Note how many lines in the entries contain the string "Union", then give that number and nothing else.

**Stored items**

Start of Block

(* There is an absolute constant $C_1>0$ such that the following holds. Let $f:\mathbb{N}\to\mathbb{N}$ be an increasing function. For each $n\in\mathbb{N}$, place $f(n)$ points independently and uniformly at random in the interior of a disc $\mathcal{D}$ in $\mathbb{R}^2$ of radius $n$, and let $G=G_n$ be the geometric graph whose vertices are these points, with an edge between two points whenever their Euclidean distance is at most one. Set $\lambda_n:=\frac{f(n)}{\pi n^2}$. If $\lambda_n>C_1\log n$, then asymptotically almost surely (i.e. with probability tending to $1$ as $n\to\infty$): (i) the degree of every vertex of $G$ lies between $\frac{\pi}{3}\lambda_n$ and $2\pi\lambda_n$; (ii) the graph diameter of $G$ is at most $6n$. *)

theory Defs
  imports "HOL-Probability.Probability"
begin

definition point_process :: "nat \<Rightarrow> real \<Rightarrow> (nat \<Rightarrow> real^2) measure" where
  "point_process m r = PiM {..<m} (\<lambda>_. uniform_measure lborel (ball (0::real^2) r))"

definition geo_degree :: "(nat \<Rightarrow> real^2) \<Rightarrow> nat \<Rightarrow> nat \<Rightarrow> nat" where
  "geo_degree x m i = card {j. j < m \<and> j \<noteq> i \<and> dist (x i) (x j) \<le> 1}"

definition geo_walk_le :: "(nat \<Rightarrow> real^2) \<Rightarrow> nat \<Rightarrow> nat \<Rightarrow> nat \<Rightarrow> nat \<Rightarrow> bool" where
  "geo_walk_le x m k i j \<longleftrightarrow>
     (\<exists>p l. l \<le> k \<and> p 0 = i \<and> p l = j \<and> (\<forall>t\<le>l. p t < m) \<and>
            (\<forall>t<l. dist (x (p t)) (x (p (Suc t))) \<le> 1))"

definition geo_diam_le :: "(nat \<Rightarrow> real^2) \<Rightarrow> nat \<Rightarrow> nat \<Rightarrow> bool" where
  "geo_diam_le x m k \<longleftrightarrow> (\<forall>i<m. \<forall>j<m. geo_walk_le x m k i j)"

end

theory Submission
  imports Defs
begin
(* Let $(X,d,f)$ be a dynamical system and let $\mathcal{A}=\{\mathcal{U}_n\}_{n\in\mathbb{N}}$ be a complete tame defining sequence of $(X,d)$. Assume that $f$ has the finite shadowing property. Then: (i) $f$ is conjugate to the inverse limit of a sequence of 1-step shifts on a countable alphabet; more precisely, $(X,d,f)$ is topologically conjugate to $\big(\varprojlim(\hookrightarrow,\mathcal{PO}(\mathcal{U}_n)),\sigma^*\big)$; (ii) if moreover $f$ is uniformly continuous, then this conjugacy can be chosen uniform, i.e. the conjugating homeomorphism and its inverse are uniformly continuous.
   Context: All spaces are nonempty separable metrizable spaces. A dynamical system $(X,d,f)$ is a space $X$ with an admissible metric $d$ and a continuous map $f:X\to X$. A partition of $X$ is a cover by pairwise disjoint nonempty clopen sets; for a partition $\mathcal{U}$ and $x\in X$, $\mathcal{U}[x]$ is the element of $\mathcal{U}$ containing $x$. A defining sequence of $X$ is a sequence $\{\mathcal{U}_n\}_{n\in\mathbb{N}}$ of partitions such that each element of $\mathcal{U}_{n+1}$ is contained in an element of $\mathcal{U}_n$, and $\bigcup_n\mathcal{U}_n$ is a basis of the topology. It is complete if whenever $U_n\in\mathcal{U}_n$ with $U_{n+1}\subseteq U_n$ for all $n$, $\bigcap_nU_n\neq\emptyset$. It is tame (with respect to $d$) if $S_n:=\sup\{\operatorname{diam}(O):O\in\mathcal{U}_n\}\to0$ and for each $n$ there is $\rho_n>0$ with $d(x_1,x_2)\ge\rho_n$ whenever $x_1,x_2$ lie in distinct elements of $\mathcal{U}_n$. A $\delta$-pseudo-orbit is a (finite or infinite) sequence $(x_n)$ with $d(f(x_n),x_{n+1})<\delta$ for all consecutive indices; $x$ $\varepsilon$-shadows $(x_n)$ if $d(f^n(x),x_n)<\varepsilon$ for all indices $n$. $f$ has the finite shadowing property if for every $\varepsilon>0$ there is $\delta>0$ such that every finite $\delta$-pseudo-orbit is $\varepsilon$-shadowed by some point; the shadowing property is the same with infinite pseudo-orbits. For a partition $\mathcal{U}$ (with the discrete metric), $\mathcal{PO}(\mathcal{U})=\{(O_i)_{i\in\mathbb{N}}\in\mathcal{U}^{\mathbb{N}}: f(O_i)\cap O_{i+1}\neq\emptyset\ \forall i\}$, a 1-step shift space (shift space over the countable alphabet $\mathcal{U}$ defined by forbidden words of length 2) with shift map $\sigma(O_i)_i=(O_{i+1})_i$ and metric $d((O_i),(O'_i))=1/(i+1)$ for the least $i$ with $O_i\ne O'_i$. The bonding map $\hookrightarrow:\mathcal{PO}(\mathcal{U}_{n+1})\to\mathcal{PO}(\mathcal{U}_n)$ sends $(O_i)$ to the unique $(V_i)\in\mathcal{U}_n^{\mathbb{N}}$ with $O_i\subseteq V_i$ for all $i$. The inverse limit $\varprojlim(\hookrightarrow,\mathcal{PO}(\mathcal{U}_n))=\{(y_n)\in\prod_n\mathcal{PO}(\mathcal{U}_n): y_n=\hookrightarrow(y_{n+1})\ \forall n\}$, with metric $d_\Pi((y_n),(z_n))=\max_n d(y_n,z_n)/(n+1)$, and $\sigma^*$ is the restriction to it of the product of the shift maps. *)

theory Defs
  imports "HOL-Analysis.Analysis"
begin

text \<open>The space X is the whole (nonempty) type 'a of class metric_space; its admissible
metric d is dist. A partition: cover by pairwise disjoint nonempty clopen sets.\<close>

definition clopen_partition :: "'a::topological_space set set \<Rightarrow> bool" where
  "clopen_partition U \<longleftrightarrow>
     (\<forall>B\<in>U. B \<noteq> {} \<and> open B \<and> closed B) \<and>
     (\<forall>B1\<in>U. \<forall>B2\<in>U. B1 \<noteq> B2 \<longrightarrow> B1 \<inter> B2 = {}) \<and>
     \<Union>U = UNIV"

definition defining_sequence :: "(nat \<Rightarrow> 'a::topological_space set set) \<Rightarrow> bool" where
  "defining_sequence \<U> \<longleftrightarrow>
     (\<forall>n. clopen_partition (\<U> n)) \<and>
     (\<forall>n. \<forall>B\<in>\<U> (Suc n). \<exists>V\<in>\<U> n. B \<subseteq> V) \<and>
     topological_basis (\<Union>n. \<U> n)"
(* Let $\beta>1$, $\mathbf{L}\in Q^2(\mathbb{D}^2)$, and let $F\colon\mathbb{D}^2\to\mathbb{C}$ be analytic. Suppose there exists $p\in\mathbb{Z}_+$ such that for every $d\in(0,\beta]$ there exists $\eta(d)\in(0,d)$ such that for each $z^0\in\mathbb{D}^2$ there are $R=(r_1,r_2)$ with $r_j=r_j(d,z^0)\in(\eta(d),d)$, $j=1,2$, and $k^0=k^0(d,z^0)\le p$ such that the polynomial $p_{k^0}$ is a main polynomial in the diagonal power expansion of $F$ at $z^0$ on $\mathbb{T}^2\big(z^0,\frac{R}{\mathbf{L}(z^0)}\big)$. Then $F$ has bounded $\mathbf{L}$-index in joint variables.
   Context: $\mathbb{D}^2=\{(z_1,z_2)\in\mathbb{C}^2:|z_1|<1,|z_2|<1\}$, $\mathbb{Z}_+=\{0,1,2,\dots\}$, $\mathbb{R}_+=[0,\infty)$. $\mathbf{L}(z)=(l_1(z),l_2(z))$, where each $l_j\colon\mathbb{D}^2\to\mathbb{R}_+$ is continuous and satisfies $l_j(z_1,z_2)>\beta/(1-|z_j|)$ for all $(z_1,z_2)\in\mathbb{D}^2$, $j=1,2$. For $z^0\in\mathbb{C}^2$ and $R=(r_1,r_2)\in\mathbb{R}_+^2$: $\mathbb{D}^2[z^0,R]=\{z:|z_j-z_j^0|\le r_j,\ j=1,2\}$, $\mathbb{T}^2(z^0,R)=\{z:|z_j-z_j^0|=r_j,\ j=1,2\}$, $\frac{R}{\mathbf{L}(z^0)}=\big(\frac{r_1}{l_1(z^0)},\frac{r_2}{l_2(z^0)}\big)$. $F^{(p,q)}=\frac{\partial^{p+q}F}{\partial z_1^p\partial z_2^q}$. An analytic $F\colon\mathbb{D}^2\to\mathbb{C}$ has bounded $\mathbf{L}$-index in joint variables if there is $n_0\in\mathbb{Z}_+$ such that for all $z\in\mathbb{D}^2$ and all $(p_1,p_2)\in\mathbb{Z}_+^2$: $\frac{|F^{(p_1,p_2)}(z)|}{p_1!p_2!\,l_1^{p_1}(z)l_2^{p_2}(z)}\le\max\{\frac{|F^{(k_1,k_2)}(z)|}{k_1!k_2!\,l_1^{k_1}(z)l_2^{k_2}(z)}:0\le k_1+k_2\le n_0\}$. $Q^2(\mathbb{D}^2)$ is the class of such $\mathbf{L}$ for which, for all $R=(r_1,r_2)\in[0,\beta]^2$ and $j=1,2$, $0<\lambda_{1,j}(R)\le\lambda_{2,j}(R)<\infty$, where $\lambda_{1,j}(R)=\inf_{z^0\in\mathbb{D}^2}\inf\{l_j(z)/l_j(z^0): z\in\mathbb{D}^2[z^0,R/\mathbf{L}(z^0)]\}$ and $\lambda_{2,j}(R)=\sup_{z^0\in\mathbb{D}^2}\sup\{l_j(z)/l_j(z^0): z\in\mathbb{D}^2[z^0,R/\mathbf{L}(z^0)]\}$. Diagonal power expansion: for $z^0\in\mathbb{D}^2$ write $F(z)=\sum_{k=0}^\infty p_k(z_1-z_1^0,z_2-z_2^0)$, where $p_k(w_1,w_2)=\sum_{j_1+j_2=k}b_{j_1,j_2}w_1^{j_1}w_2^{j_2}$ and $b_{j_1,j_2}=\frac{F^{(j_1,j_2)}(z^0)}{j_1!j_2!}$. For $R=(r_1,r_2)$, the polynomial $p_{k^0}$ ($k^0\in\mathbb{Z}_+$) is a main polynomial of this expansion on $\mathbb{T}^2(z^0,R)$ if for every $z\in\mathbb{T}^2(z^0,R)$: $\big|\sum_{k\ne k^0}p_k(z_1-z_1^0,z_2-z_2^0)\big|\le\frac12\max\{|b_{j_1,j_2}|r_1^{j_1}r_2^{j_2}: j_1+j_2=k^0\}$. *)

theory Defs
  imports "HOL-Complex_Analysis.Complex_Analysis"
begin

definition bidisc :: "(complex \<times> complex) set" where
  "bidisc = {z. cmod (fst z) < 1 \<and> cmod (snd z) < 1}"
lemma C_mult_primitive_X_at_right_le:
  assumes "t \<ge> 0" "e > 0"
  shows "eventually (\<lambda>s. C * primitive \<psi> (X 0) (X s) \<le> C * primitive \<psi> (X 0) (X t)
           + (s - t) * (\<alpha> * poincare_const A p * \<psi> (X t) * sqrt (variance t) + e)) (at_right t)"
proof -
  define ps where "ps = \<psi> (X t)"
  define e' where "e' = e / (C * ps + 1)"
  have Cps: "0 \<le> C * ps" using C_pos psi_pos[OF X_nonneg[of t]] by (simp add: ps_def)
  have e'_pos: "e' > 0" using assms(2) Cps by (simp add: e'_def)
  have "C * ps * e' = e * (C * ps / (C * ps + 1))"
    using Cps by (simp add: e'_def field_simps)
  also have "\<dots> \<le> e * 1" using assms(2) Cps by (intro mult_left_mono) simp_all
  finally have Cps_e': "C * ps * e' \<le> e" by simp
  from X_at_right_le[OF assms(1) e'_pos] eventually_at_right_less[of t]
  show ?thesis
  proof eventually_elim
    case (elim s)
    have "0 \<le> (s - t) * (diam_fam (v t) + e')"
      using elim(2) e'_pos diam_fam_nonneg[of "v t"] by (intro mult_nonneg_nonneg) auto
    with elim(1) have "max 0 (X s - X t) \<le> (s - t) * (diam_fam (v t) + e')" by simp
    then have "primitive \<psi> (X 0) (X s) \<le> primitive \<psi> (X 0) (X t) + ps * ((s - t) * (diam_fam (v t) + e'))"
      using primitive_le_add_max[where a = "X 0" and b = "X t" and c = "X s", OF X_nonneg X_nonneg]
        psi_pos[OF X_nonneg[of t]]
      unfolding ps_def by (meson add_left_mono mult_left_mono order_trans less_imp_le)
    then have "C * primitive \<psi> (X 0) (X s)
        \<le> C * (primitive \<psi> (X 0) (X t) + ps * ((s - t) * (diam_fam (v t) + e')))"
      using C_pos by (intro mult_left_mono) auto
    also have "\<dots> = C * primitive \<psi> (X 0) (X t) + (s - t) * (ps * (C * diam_fam (v t)) + C * ps * e')"
      by (simp add: algebra_simps)
    also have "\<dots> \<le> C * primitive \<psi> (X 0) (X t)
        + (s - t) * (ps * (\<alpha> * poincare_const A p * sqrt (variance t)) + e)"
      using elim(2) Cps_e' C_mult_diam_fam_v_le[of t] psi_pos[OF X_nonneg[of t]]
      by (intro add_left_mono mult_left_mono add_mono) (auto simp: ps_def)
    finally show ?case by (simp add: ps_def mult_ac)
  qed
qed
lemma field_rotation_coefficients:
  fixes a d e :: "'r::field"
  assumes "e \<noteq> 0" and "e * e = d * d + a * a"
  obtains \<alpha> \<beta> where "\<alpha> * \<alpha> + \<beta> * \<beta> = 1" "\<alpha> * d + \<beta> * a = e" "\<beta> * d = \<alpha> * a"
proof (rule that[of "d / e" "a / e"])
  have "d / e * (d / e) + a / e * (a / e) = (d * d + a * a) / (e * e)"
    by (simp add: add_divide_distrib)
  then show "d / e * (d / e) + a / e * (a / e) = 1" using assms(1) by (simp flip: assms(2))
  have "d / e * d + a / e * a = (d * d + a * a) / e"
    by (simp add: add_divide_distrib)
  then show "d / e * d + a / e * a = e" using assms(1) by (simp flip: assms(2))
qed simp

context ring
begin

lemma ideal_minus_closed: "ideal I R \<Longrightarrow> a \<in> I \<Longrightarrow> b \<in> I \<Longrightarrow> a \<ominus> b \<in> I"
  unfolding minus_eq by (simp add: additive_subgroup.a_closed additive_subgroup.a_inv_closed ideal.axioms(1))

lemma sums_of_squares_closed:
  assumes "P \<subseteq> carrier R" and "s \<in> sums_of_squares R P"
  shows "s \<in> carrier R"
  using assms(2) by (induction rule: sums_of_squares.induct) (use assms(1) in auto)

lemma sums_of_squares_subset_ideal:
  assumes "ideal I R"
  shows "sums_of_squares R I \<subseteq> I"
proof
  interpret I: ideal I R by fact
  show "s \<in> I" if "s \<in> sums_of_squares R I" for s
    using that by (induction rule: sums_of_squares.induct) (simp_all add: I.I_r_closed I.Icarr)
qed

lemma sums_of_squares_add:
  assumes P: "P \<subseteq> carrier R" and s: "s \<in> sums_of_squares R P"
    and "t \<in> sums_of_squares R P"
  shows "s \<oplus> t \<in> sums_of_squares R P"
  using assms(3)
proof (induction rule: sums_of_squares.induct)
  case zero
  have "s \<in> carrier R" using sums_of_squares_closed[OF P s] .
  with s show ?case by simp
next
  case (add_square t x)
  have "s \<in> carrier R" "t \<in> carrier R" "x \<in> carrier R"
    using P s add_square.hyps sums_of_squares_closed by auto
  then have "s \<oplus> (t \<oplus> x \<otimes> x) = (s \<oplus> t) \<oplus> x \<otimes> x"
    by (simp add: a_assoc)
  with sums_of_squares.add_square[OF add_square.IH add_square.hyps(2)] show ?case by simp
qed
(* There is an absolute constant $C>0$ such that the following holds. Let $U^*,S,p_{ijk},\widehat p_{ijk},\mathcal{W}_{ijk},\delta_{ijk}$ be as in the context, and let $U\in\mathbb{R}^{n\times r}$ be a fixed (non-random, or independent of $\delta$) matrix with unit-norm columns satisfying $|U_{il}|\le2\|(U^* )^i\|$ for all $i,l$. Let $\gamma\in(0,1]$, $i\in[n]$ and $q\in[r]$ be fixed. If $m\ge\frac{C}{\gamma^2}n\log(n)S^2$, then with probability at least $1-n^{-10}$, $$\Big|\sum_{j,k}\delta_{ijk}\mathcal{W}_{ijk}U_{jq}U^*_{jq}U_{kq}U^*_{kq}-\langle U_q,U^*_q\rangle^2\Big|\le\gamma .$$
   Context: $U^*\in\mathbb{R}^{n\times r}$ has orthonormal columns $U^*_l$ and rows $(U^* )^i$; $S=\sum_i\|(U^* )^i\|^{3/2}$; $p_{ijk}=\frac{\|(U^* )^i\|^{3/2}\|(U^* )^j\|^{3/2}+\|(U^* )^j\|^{3/2}\|(U^* )^k\|^{3/2}+\|(U^* )^k\|^{3/2}\|(U^* )^i\|^{3/2}}{3nS^2}$; $\widehat p_{ijk}=\min\{mp_{ijk},1\}$; $\mathcal{W}_{ijk}=1/\widehat p_{ijk}$ if $\widehat p_{ijk}>0$, else $0$; $\delta_{ijk}$ are independent Bernoulli$(\widehat p_{ijk})$ random variables. *)

theory Defs
  imports "HOL-Probability.Probability"
begin

text \<open>Matrices are functions nat => nat => real; row index i < n, column index l < r.\<close>

definition rownorm :: "nat \<Rightarrow> (nat \<Rightarrow> nat \<Rightarrow> real) \<Rightarrow> nat \<Rightarrow> real" where
  "rownorm r Us i = sqrt (\<Sum>l<r. (Us i l)^2)"

definition Ssum :: "nat \<Rightarrow> nat \<Rightarrow> (nat \<Rightarrow> nat \<Rightarrow> real) \<Rightarrow> real" where
  "Ssum n r Us = (\<Sum>i<n. rownorm r Us i powr (3/2))"

definition pprob :: "nat \<Rightarrow> nat \<Rightarrow> (nat \<Rightarrow> nat \<Rightarrow> real) \<Rightarrow> nat \<Rightarrow> nat \<Rightarrow> nat \<Rightarrow> real" where
  "pprob n r Us i j k =
     (rownorm r Us i powr (3/2) * rownorm r Us j powr (3/2)
      + rownorm r Us j powr (3/2) * rownorm r Us k powr (3/2)
      + rownorm r Us k powr (3/2) * rownorm r Us i powr (3/2))
     / (3 * real n * (Ssum n r Us)^2)"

End of Block

**Solved exercise**
2